You can make pumpkin pie or drink pumpkin smoothies any time of year. And don’t neglect pumpkin seeds!


Save Those Pumpkin Seeds- They’re Just as Nutritious as the Puree

Trade in potato chips or Cheetos for the antioxidant-rich, salt-free crunch of pumpkin seeds. A quarter cup of pumpkin seeds has 180 calories, and lots of wound-healing zinc. It also contains  74% percent of the DRV of manganese for strong bones and protection against cancer, plus sizable amounts of protein and iron.

And a quarter-cup of seeds has 48 % of the DRV of magnesium. Pumpkin seeds offer more magnesium than the DRV in Swiss chard, fish,  spinach or soybeans. Magnesium is essential for keeping your nervous system and muscles working properly.

Magnesium deficiency is a serious issue in the U.S., with over 80 percent of Americans not getting enough of this mineral in their diets. Lack of magnesium causes anxiety, muscle weakness, cramps, heart problems, dizziness and close to a dozen other ailments A handful of pumpkin seeds, alone or in trail mix, goes a long way toward alleviating magnesium deficiency.

If you’re having trouble sleeping, 3.5 ounces of pumpkin seeds have 600 mgs of tryptophan, the same relaxing amino acid found in turkey. Forego sleeping pills, and eat some pumpkin seeds. (Cheese, cherry juice and chamomile tea are other snooze-inducing foods.)

How to Buy Fresh Pumpkins for Cooking

 If you want to use puree straight from the pumpkin instead of a can, smaller pumpkins contain sweeter puree, the kind you use in pies, smoothies or muffins. Uncut pumpkins last up to two months in a cool, dry pantry.


How to Make Pumpkin Smoothies and Other Treats 

Instead of taking chances on pumpkin spice drinks from McDonalds or Starbucks, make your own at home where you have control over the ingredients.  The same goes for pumpkin pies made from scratch at home. It takes a little longer to prepare, but you have control over the amount of sugar and salt that goes in the recipe.

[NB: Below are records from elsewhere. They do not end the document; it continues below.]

(* Let $u$ be a parking sorted configuration on $K_{m,n}$, and for $s\in\mathbb Z$ let $u[s]$ be the configuration equal to $u$ outside the sink and equal to $s$ at $a_m$ (each $u[s]$ is again parking sorted). Let $F_u(x,y)=\sum_{s\in\mathbb Z}x^{\mathrm{xpara}(u[s])}y^{\mathrm{ypara}(u[s])}$. Let $S_u^+=\{s\in\mathbb Z: s\text{ is left and } s+1\text{ is right}\}$ and $S_u^-=\{s\in\mathbb Z: s\text{ is right and } s+1\text{ is left}\}$ (these are finite, with $|S_u^+|=|S_u^-|+1$). Then $$F_u(x,y)=\frac{1-xy}{(1-x)(1-y)}\Big(\sum_{s\in S_u^+}x^{\mathrm{xpara}(u[s])}y^{\mathrm{ypara}(u[s])}-\sum_{s\in S_u^-}x^{\mathrm{xpara}(u[s])}y^{\mathrm{ypara}(u[s])}\Big).$$
   Context: Let $m,n\ge 1$. $K_{m,n}$ is the complete bipartite graph with vertex set $V=A_m\sqcup B_n$, $A_m=\{a_1,\dots,a_m\}$, $B_n=\{b_1,\dots,b_n\}$, with exactly one edge $\{a_i,b_j\}$ for every $i,j$; $a_m$ is the sink. A configuration is a function $u:V\to\mathbb Z$. For $c\in V$ with graph degree $d_c$, $\Delta^{(c)}=d_c e_c-\sum_{c'\text{ adjacent to }c}e_{c'}$ ($e_c$ the indicator of $c$), $\Delta^{(C)}=\sum_{c\in C}\Delta^{(c)}$. $u$ is parking if $u_c\ge0$ for $c\ne a_m$ and for every non-empty $C\subseteq V\setminus\{a_m\}$, $u-\Delta^{(C)}$ has a negative value at a vertex other than $a_m$; sorted if $u_{a_1}\le\dots\le u_{a_{m-1}}$ and $u_{b_1}\le\dots\le u_{b_n}$. The $r$-vector of a parking sorted $u$ is $(r_1,\dots,r_n)$, $r_i=u_{b_i}+1-\#\{j\in\{1,\dots,m-1\}: u_{a_j}+1\le i-1\}$; it depends only on the values outside the sink. For $\sigma\in\mathbb Z$ write $\sigma=qn+t$ with $0\le t<n$; $\sigma$ is called right if $q+r_{t+1}\ge1$ and left otherwise. $\mathrm{xpara}(u)=\#\{\sigma>u_{a_m}:\sigma\text{ left}\}$ and $\mathrm{ypara}(u)=\#\{\sigma\le u_{a_m}:\sigma\text{ right}\}$ (equivalently $\mathrm{xpara}(u)=(m-1)(n-1)+\mathrm{rank}(u)-\mathrm{degree}(u)$, $\mathrm{ypara}(u)=\mathrm{rank}(u)+1$). The identity is one of formal power series in $x,y$. *)

theory Defs
  imports "HOL-Computational_Algebra.Formal_Power_Series"
begin
(* Let $\mathbb D$ be a commutative ring with identity, and let $S\mathcal R=S\mathcal R(\mathbb D)$ be the S-Riordan group over $\mathbb D$. For $k\ge 1$ and $\alpha\in\mathbb D$ let $a_k(\alpha)=(1+\alpha t^k,\,t)\in S\mathcal R$. Then for every $\alpha\in\mathbb D$ and every integer $k\ge 2$, $a_k(\alpha)\in\gamma_2(S\mathcal R)$. Moreover, for every $n\ge 1$ and every $\alpha\in\mathbb D$ with $\alpha\neq 0$, the truncation of $a_1(\alpha)$ to $TS\mathcal R_n$ does not lie in $\gamma_2(TS\mathcal R_n)$.
   Context: For a commutative ring $\mathbb D$ with identity, the Riordan group $\mathcal R(\mathbb D)$ consists of pairs $(g,f)$ of formal power series $g=\sum_{k\ge0}g_kt^k$, $f=\sum_{k\ge1}f_kt^k$ in $\mathbb D[[t]]$ with $g_0,f_1$ units, identified with the infinite lower triangular matrices $(d_{n,k})_{n,k\ge0}$, $d_{n,k}=[t^n]g(t)f(t)^k$; the product is matrix multiplication, i.e. $(g_1,f_1)(g_2,f_2)=(g_1\cdot(g_2\circ f_1),\,f_2\circ f_1)$, with identity $(1,t)$. The S-Riordan group $S\mathcal R(\mathbb D)$ is the subgroup of pairs with $g_0=1$ and $f_1=1$ (all 1s on the main diagonal). For $n\ge0$, $TS\mathcal R_n$ denotes the group of $(n+1)\times(n+1)$ matrices $(d_{i,j})_{0\le i,j\le n}$ obtained by truncating the elements of $S\mathcal R(\mathbb D)$ (the image of the truncation homomorphism). Here $\gamma_2(G)$ denotes the commutator subgroup of $G$ (generated by commutators $[x,y]=x^{-1}y^{-1}xy$). *)

theory Defs
  imports "HOL-Computational_Algebra.Formal_Power_Series" "HOL-Algebra.Algebra"
begin

definition SRiordan :: "('a::comm_ring_1 fps \<times> 'a fps) monoid" where
  "SRiordan = \<lparr> carrier = {(g, f). fps_nth g 0 = 1 \<and> fps_nth f 0 = 0 \<and> fps_nth f 1 = 1},
               mult = (\<lambda>(g1, f1) (g2, f2). (g1 * fps_compose g2 f1, fps_compose f2 f1)),
               one = (1, fps_X) \<rparr>"

definition riordan_entry :: "'a::comm_ring_1 fps \<times> 'a fps \<Rightarrow> nat \<Rightarrow> nat \<Rightarrow> 'a" where
  "riordan_entry p i j = fps_nth (fst p * snd p ^ j) i"

text \<open>(n+1)x(n+1) matrices indexed by 0..n, represented as functions, zero outside.\<close>
definition truncate_riordan :: "nat \<Rightarrow> 'a::comm_ring_1 fps \<times> 'a fps \<Rightarrow> nat \<Rightarrow> nat \<Rightarrow> 'a" where
  "truncate_riordan n p = (\<lambda>i j. if i \<le> n \<and> j \<le> n then riordan_entry p i j else 0)"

 Combine pumpkin puree or canned pumpkin with yogurt, coca powder, cinnamon and flaxseeds in the blender for a delicious smoothie.

 Add fresh or canned pumpkin, cinnamon or pumpkin pie spice to steel-cut oatmeal for a heart fall or winter breakfast.

Try this low-fat smoothie with banana, vanilla yogurt, and pumpkin pie spice  or add brewed, chilled coffee to make a coffee smoothie

Making your own pumpkin spice coffee is easy. Mix freshly ground coffee and pumpkin pie spice. Brew as usual in a drip coffeemaker

For lunch or a side dish at dinner, add pureed pumpkin to tortilla soup or vegetable soup.

And finally, make your own pumpkin spice latte by mixing brewed coffee, pumpkin puree and vanilla almond milk in a saucepan with pumpkin pie spice and stevia. See the details here


Add pumpkin to your list of fresh fruits and vegetables on your master grocery list. The more you have to choose from, the more satisfied you’ll be with your healthy diet, especially if you’re a new convert.